## Task directions
Write out each record a second time, exactly.

*** Begin section ***

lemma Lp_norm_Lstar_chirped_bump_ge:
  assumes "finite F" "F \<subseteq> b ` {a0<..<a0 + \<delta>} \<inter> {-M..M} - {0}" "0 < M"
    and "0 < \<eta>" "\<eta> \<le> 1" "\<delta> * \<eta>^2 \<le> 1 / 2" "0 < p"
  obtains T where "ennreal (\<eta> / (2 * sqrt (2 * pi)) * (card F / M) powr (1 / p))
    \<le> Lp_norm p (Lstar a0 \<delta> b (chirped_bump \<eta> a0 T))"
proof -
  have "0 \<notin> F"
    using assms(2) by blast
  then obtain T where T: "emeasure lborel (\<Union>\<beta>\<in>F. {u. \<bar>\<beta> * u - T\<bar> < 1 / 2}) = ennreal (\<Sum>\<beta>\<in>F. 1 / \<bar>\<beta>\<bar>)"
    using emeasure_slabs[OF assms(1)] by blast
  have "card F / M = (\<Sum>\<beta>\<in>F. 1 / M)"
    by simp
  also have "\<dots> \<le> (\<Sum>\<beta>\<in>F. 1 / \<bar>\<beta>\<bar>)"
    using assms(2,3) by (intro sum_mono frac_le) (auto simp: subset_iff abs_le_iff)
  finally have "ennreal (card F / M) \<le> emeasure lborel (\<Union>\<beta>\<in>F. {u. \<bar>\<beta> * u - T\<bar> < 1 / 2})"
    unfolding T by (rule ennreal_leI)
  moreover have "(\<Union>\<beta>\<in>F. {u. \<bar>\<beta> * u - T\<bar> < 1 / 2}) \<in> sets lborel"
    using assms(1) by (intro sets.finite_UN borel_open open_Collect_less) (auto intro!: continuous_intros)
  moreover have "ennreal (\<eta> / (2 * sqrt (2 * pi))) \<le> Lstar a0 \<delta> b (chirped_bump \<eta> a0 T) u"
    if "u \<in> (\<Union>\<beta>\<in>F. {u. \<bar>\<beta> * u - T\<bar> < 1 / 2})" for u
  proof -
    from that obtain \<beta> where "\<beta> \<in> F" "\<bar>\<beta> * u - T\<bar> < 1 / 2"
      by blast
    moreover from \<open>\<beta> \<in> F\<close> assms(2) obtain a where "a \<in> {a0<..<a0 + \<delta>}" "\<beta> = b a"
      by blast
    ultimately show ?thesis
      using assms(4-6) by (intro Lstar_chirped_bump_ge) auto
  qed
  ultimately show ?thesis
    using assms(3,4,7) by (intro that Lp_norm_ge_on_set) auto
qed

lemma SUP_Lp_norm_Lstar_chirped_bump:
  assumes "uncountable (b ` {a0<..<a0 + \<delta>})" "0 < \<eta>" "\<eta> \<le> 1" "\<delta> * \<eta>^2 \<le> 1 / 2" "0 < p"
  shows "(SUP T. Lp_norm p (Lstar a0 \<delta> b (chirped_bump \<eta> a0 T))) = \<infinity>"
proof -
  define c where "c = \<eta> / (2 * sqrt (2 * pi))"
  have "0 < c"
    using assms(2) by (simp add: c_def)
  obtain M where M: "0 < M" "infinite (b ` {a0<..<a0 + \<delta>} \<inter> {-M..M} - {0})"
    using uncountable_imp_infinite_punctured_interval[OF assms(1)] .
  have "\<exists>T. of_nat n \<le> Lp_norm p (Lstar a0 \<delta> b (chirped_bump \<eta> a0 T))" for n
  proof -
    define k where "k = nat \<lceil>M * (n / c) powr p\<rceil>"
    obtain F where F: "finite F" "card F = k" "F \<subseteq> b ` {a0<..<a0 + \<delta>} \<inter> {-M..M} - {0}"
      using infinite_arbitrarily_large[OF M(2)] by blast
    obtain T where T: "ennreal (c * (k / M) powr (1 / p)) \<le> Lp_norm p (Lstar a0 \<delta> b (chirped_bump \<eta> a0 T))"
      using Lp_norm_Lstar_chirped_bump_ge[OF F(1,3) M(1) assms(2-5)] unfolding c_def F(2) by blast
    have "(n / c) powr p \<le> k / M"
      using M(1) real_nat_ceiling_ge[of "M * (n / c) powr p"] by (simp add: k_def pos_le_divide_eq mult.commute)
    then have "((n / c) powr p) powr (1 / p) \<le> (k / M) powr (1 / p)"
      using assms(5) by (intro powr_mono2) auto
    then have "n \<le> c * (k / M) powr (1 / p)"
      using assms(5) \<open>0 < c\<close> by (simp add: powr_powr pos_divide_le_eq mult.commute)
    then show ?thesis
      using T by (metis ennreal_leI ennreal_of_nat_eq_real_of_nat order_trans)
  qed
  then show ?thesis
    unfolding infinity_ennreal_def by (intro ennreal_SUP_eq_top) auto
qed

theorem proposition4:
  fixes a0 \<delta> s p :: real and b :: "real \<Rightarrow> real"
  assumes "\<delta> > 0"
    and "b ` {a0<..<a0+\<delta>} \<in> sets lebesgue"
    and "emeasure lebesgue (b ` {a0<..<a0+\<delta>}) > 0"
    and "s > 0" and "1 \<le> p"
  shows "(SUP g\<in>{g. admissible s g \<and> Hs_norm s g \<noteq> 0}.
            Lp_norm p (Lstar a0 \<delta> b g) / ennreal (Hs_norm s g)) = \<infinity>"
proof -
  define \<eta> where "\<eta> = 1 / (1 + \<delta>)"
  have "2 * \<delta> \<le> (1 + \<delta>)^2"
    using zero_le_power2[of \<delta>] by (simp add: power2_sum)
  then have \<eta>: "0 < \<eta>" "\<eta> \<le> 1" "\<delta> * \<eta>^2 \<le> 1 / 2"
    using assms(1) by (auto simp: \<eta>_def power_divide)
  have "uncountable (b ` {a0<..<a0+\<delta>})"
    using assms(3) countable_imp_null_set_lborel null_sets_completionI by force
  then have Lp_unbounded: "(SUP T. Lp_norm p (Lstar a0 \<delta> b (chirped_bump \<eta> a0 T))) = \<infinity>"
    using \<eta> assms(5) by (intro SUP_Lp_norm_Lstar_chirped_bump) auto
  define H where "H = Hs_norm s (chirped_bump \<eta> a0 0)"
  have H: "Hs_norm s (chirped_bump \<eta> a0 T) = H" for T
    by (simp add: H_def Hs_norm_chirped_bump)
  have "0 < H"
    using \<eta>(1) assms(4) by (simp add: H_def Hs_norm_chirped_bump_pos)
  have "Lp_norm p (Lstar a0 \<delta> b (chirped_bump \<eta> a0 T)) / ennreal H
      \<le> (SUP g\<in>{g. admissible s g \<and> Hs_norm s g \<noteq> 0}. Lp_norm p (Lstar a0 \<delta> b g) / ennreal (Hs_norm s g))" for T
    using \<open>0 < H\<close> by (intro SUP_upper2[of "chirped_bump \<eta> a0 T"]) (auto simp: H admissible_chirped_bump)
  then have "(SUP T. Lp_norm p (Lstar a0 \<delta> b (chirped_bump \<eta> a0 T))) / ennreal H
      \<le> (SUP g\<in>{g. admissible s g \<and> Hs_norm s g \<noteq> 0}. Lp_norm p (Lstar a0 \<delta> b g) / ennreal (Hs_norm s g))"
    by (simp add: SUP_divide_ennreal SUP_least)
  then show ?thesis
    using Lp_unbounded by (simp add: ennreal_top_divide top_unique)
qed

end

*** End section ***

## Answer box
lemma Lp_norm_Lstar_chirped_bump_ge:
  assumes "finite F" "F \<subseteq> b ` {a0<..<a0 + \<delta>} \<inter> {-M..M} - {0}" "0 < M"
    and "0 < \<eta>" "\<eta> \<le> 1" "\<delta> * \<eta>^2 \<le> 1 / 2" "0 < p"
  obtains T where "ennreal (\<eta> / (2 * sqrt (2 * pi)) * (card F / M) powr (1 / p))
    \<le> Lp_norm p (Lstar a0 \<delta> b (chirped_bump \<eta> a0 T))"
proof -
  have "0 \<notin> F"
    using assms(2) by blast
  then obtain T where T: "emeasure lborel (\<Union>\<beta>\<in>F. {u. \<bar>\<beta> * u - T\<bar> < 1 / 2}) = ennreal (\<Sum>\<beta>\<in>F. 1 / \<bar>\<beta>\<bar>)"
    using emeasure_slabs[OF assms(1)] by blast
  have "card F / M = (\<Sum>\<beta>\<in>F. 1 / M)"
    by simp
  also have "\<dots> \<le> (\<Sum>\<beta>\<in>F. 1 / \<bar>\<beta>\<bar>)"
    using assms(2,3) by (intro sum_mono frac_le) (auto simp: subset_iff abs_le_iff)
  finally have "ennreal (card F / M) \<le> emeasure lborel (\<Union>\<beta>\<in>F. {u. \<bar>\<beta> * u - T\<bar> < 1 / 2})"
    unfolding T by (rule ennreal_leI)
  moreover have "(\<Union>\<beta>\<in>F. {u. \<bar>\<beta> * u - T\<bar> < 1 / 2}) \<in> sets lborel"
    using assms(1) by (intro sets.finite_UN borel_open open_Collect_less) (auto intro!: continuous_intros)
  moreover have "ennreal (\<eta> / (2 * sqrt (2 * pi))) \<le> Lstar a0 \<delta> b (chirped_bump \<eta> a0 T) u"
    if "u \<in> (\<Union>\<beta>\<in>F. {u. \<bar>\<beta> * u - T\<bar> < 1 / 2})" for u
  proof -
    from that obtain \<beta> where "\<beta> \<in> F" "\<bar>\<beta> * u - T\<bar> < 1 / 2"
      by blast
    moreover from \<open>\<beta> \<in> F\<close> assms(2) obtain a where "a \<in> {a0<..<a0 + \<delta>}" "\<beta> = b a"
      by blast
    ultimately show ?thesis
      using assms(4-6) by (intro Lstar_chirped_bump_ge) auto
  qed
  ultimately show ?thesis
    using assms(3,4,7) by (intro that Lp_norm_ge_on_set) auto
qed

lemma SUP_Lp_norm_Lstar_chirped_bump:
  assumes "uncountable (b ` {a0<..<a0 + \<delta>})" "0 < \<eta>" "\<eta> \<le> 1" "\<delta> * \<eta>^2 \<le> 1 / 2" "0 < p"
  shows "(SUP T. Lp_norm p (Lstar a0 \<delta> b (chirped_bump \<eta> a0 T))) = \<infinity>"
proof -
  define c where "c = \<eta> / (2 * sqrt (2 * pi))"
  have "0 < c"
    using assms(2) by (simp add: c_def)
  obtain M where M: "0 < M" "infinite (b ` {a0<..<a0 + \<delta>} \<inter> {-M..M} - {0})"
    using uncountable_imp_infinite_punctured_interval[OF assms(1)] .
  have "\<exists>T. of_nat n \<le> Lp_norm p (Lstar a0 \<delta> b (chirped_bump \<eta> a0 T))" for n
  proof -
    define k where "k = nat \<lceil>M * (n / c) powr p\<rceil>"
    obtain F where F: "finite F" "card F = k" "F \<subseteq> b ` {a0<..<a0 + \<delta>} \<inter> {-M..M} - {0}"
      using infinite_arbitrarily_large[OF M(2)] by blast
    obtain T where T: "ennreal (c * (k / M) powr (1 / p)) \<le> Lp_norm p (Lstar a0 \<delta> b (chirped_bump \<eta> a0 T))"
      using Lp_norm_Lstar_chirped_bump_ge[OF F(1,3) M(1) assms(2-5)] unfolding c_def F(2) by blast
    have "(n / c) powr p \<le> k / M"
      using M(1) real_nat_ceiling_ge[of "M * (n / c) powr p"] by (simp add: k_def pos_le_divide_eq mult.commute)
    then have "((n / c) powr p) powr (1 / p) \<le> (k / M) powr (1 / p)"
      using assms(5) by (intro powr_mono2) auto
    then have "n \<le> c * (k / M) powr (1 / p)"
      using assms(5) \<open>0 < c\<close> by (simp add: powr_powr pos_divide_le_eq mult.commute)
    then show ?thesis
      using T by (metis ennreal_leI ennreal_of_nat_eq_real_of_nat order_trans)
  qed
  then show ?thesis
    unfolding infinity_ennreal_def by (intro ennreal_SUP_eq_top) auto
qed

theorem proposition4:
  fixes a0 \<delta> s p :: real and b :: "real \<Rightarrow> real"
  assumes "\<delta> > 0"
    and "b ` {a0<..<a0+\<delta>} \<in> sets lebesgue"
    and "emeasure lebesgue (b ` {a0<..<a0+\<delta>}) > 0"
    and "s > 0" and "1 \<le> p"
  shows "(SUP g\<in>{g. admissible s g \<and> Hs_norm s g \<noteq> 0}.
            Lp_norm p (Lstar a0 \<delta> b g) / ennreal (Hs_norm s g)) = \<infinity>"
proof -
  define \<eta> where "\<eta> = 1 / (1 + \<delta>)"
  have "2 * \<delta> \<le> (1 + \<delta>)^2"
    using zero_le_power2[of \<delta>] by (simp add: power2_sum)
  then have \<eta>: "0 < \<eta>" "\<eta> \<le> 1" "\<delta> * \<eta>^2 \<le> 1 / 2"
    using assms(1) by (auto simp: \<eta>_def power_divide)
  have "uncountable (b ` {a0<..<a0+\<delta>})"
    using assms(3) countable_imp_null_set_lborel null_sets_completionI by force
  then have Lp_unbounded: "(SUP T. Lp_norm p (Lstar a0 \<delta> b (chirped_bump \<eta> a0 T))) = \<infinity>"
    using \<eta> assms(5) by (intro SUP_Lp_norm_Lstar_chirped_bump) auto
  define H where "H = Hs_norm s (chirped_bump \<eta> a0 0)"
  have H: "Hs_norm s (chirped_bump \<eta> a0 T) = H" for T
    by (simp add: H_def Hs_norm_chirped_bump)
  have "0 < H"
    using \<eta>(1) assms(4) by (simp add: H_def Hs_norm_chirped_bump_pos)
  have "Lp_norm p (Lstar a0 \<delta> b (chirped_bump \<eta> a0 T)) / ennreal H
      \<le> (SUP g\<in>{g. admissible s g \<and> Hs_norm s g \<noteq> 0}. Lp_norm p (Lstar a0 \<delta> b g) / ennreal (Hs_norm s g))" for T
    using \<open>0 < H\<close> by (intro SUP_upper2[of "chirped_bump \<eta> a0 T"]) (auto simp: H admissible_chirped_bump)
  then have "(SUP T. Lp_norm p (Lstar a0 \<delta> b (chirped_bump \<eta> a0 T))) / ennreal H
      \<le> (SUP g\<in>{g. admissible s g \<and> Hs_norm s g \<noteq> 0}. Lp_norm p (Lstar a0 \<delta> b g) / ennreal (Hs_norm s g))"
    by (simp add: SUP_divide_ennreal SUP_least)
  then show ?thesis
    using Lp_unbounded by (simp add: ennreal_top_divide top_unique)
qed

end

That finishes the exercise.